lemma (in prob_space) distributed_square_std_normal:
  assumes Z: "distributed M lborel Z std_normal_density"
  shows "distributed M lborel (\<lambda>\<omega>. (Z \<omega>)\<^sup>2) (chi2_density 1)"
proof (rule distributedI_borel_atMost[where g = "\<lambda>a. measure M {\<omega>\<in>space M. (Z \<omega>)\<^sup>2 \<le> a}"])
  have [measurable]: "Z \<in> borel_measurable M"
    using distributed_measurable[OF Z] by simp
  show "(\<lambda>\<omega>. (Z \<omega>)\<^sup>2) \<in> borel_measurable M"
    by measurable
  show "emeasure M {\<omega>\<in>space M. (Z \<omega>)\<^sup>2 \<le> a} = ennreal (measure M {\<omega>\<in>space M. (Z \<omega>)\<^sup>2 \<le> a})" for a
    by (simp add: emeasure_eq_measure)
  show "(\<integral>\<^sup>+x. ennreal (chi2_density 1 x * indicator {..a} x) \<partial>lborel) =
          ennreal (measure M {\<omega>\<in>space M. (Z \<omega>)\<^sup>2 \<le> a})" for a
  proof (cases "a < 0")
    case True
    then have empty: "{\<omega>\<in>space M. (Z \<omega>)\<^sup>2 \<le> a} = {}"
      by (auto simp: not_le intro: less_le_trans[OF _ zero_le_power2])
    have "ennreal (chi2_density 1 x * indicator {..a} x) = 0" for x
      using True by (auto simp: chi2_density_def indicator_def)
    then show ?thesis
      unfolding empty by simp
  next
    case False
    define r where "r = sqrt a"
    have r: "r \<ge> 0" "r\<^sup>2 = a"
      using False by (auto simp: r_def)
    have "{\<omega>\<in>space M. (Z \<omega>)\<^sup>2 \<le> a} = Z -` {-r..r} \<inter> space M"
      using r by (auto simp: abs_le_square_iff[symmetric] abs_le_iff)
    then have "emeasure M {\<omega>\<in>space M. (Z \<omega>)\<^sup>2 \<le> a} =
                 (\<integral>\<^sup>+x. ennreal (std_normal_density x) * indicator {-r..r} x \<partial>lborel)"
      by (simp add: distributed_emeasure[OF Z])
    also have "\<dots> = (\<integral>\<^sup>+x. ennreal (chi2_density 1 x * indicator {..a} x) \<partial>lborel)"
      using nn_integral_chi2_density_1_atMost[OF r(1)] r(2)
      by (auto simp: indicator_mult_ennreal mult.commute)
    finally show ?thesis
      by (simp add: emeasure_eq_measure)
  qed
qed (simp_all add: chi2_density_nonneg)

-*-*-

• _Work to complete_
Set down exactly the lines from the opening line of the material through the line in which "M lborel (\<lambda>\<omega>." occurs, both included, and no other lines.

• _Completed exercise_
lemma (in prob_space) distributed_square_std_normal:
  assumes Z: "distributed M lborel Z std_normal_density"
  shows "distributed M lborel (\<lambda>\<omega>. (Z \<omega>)\<^sup>2) (chi2_density 1)"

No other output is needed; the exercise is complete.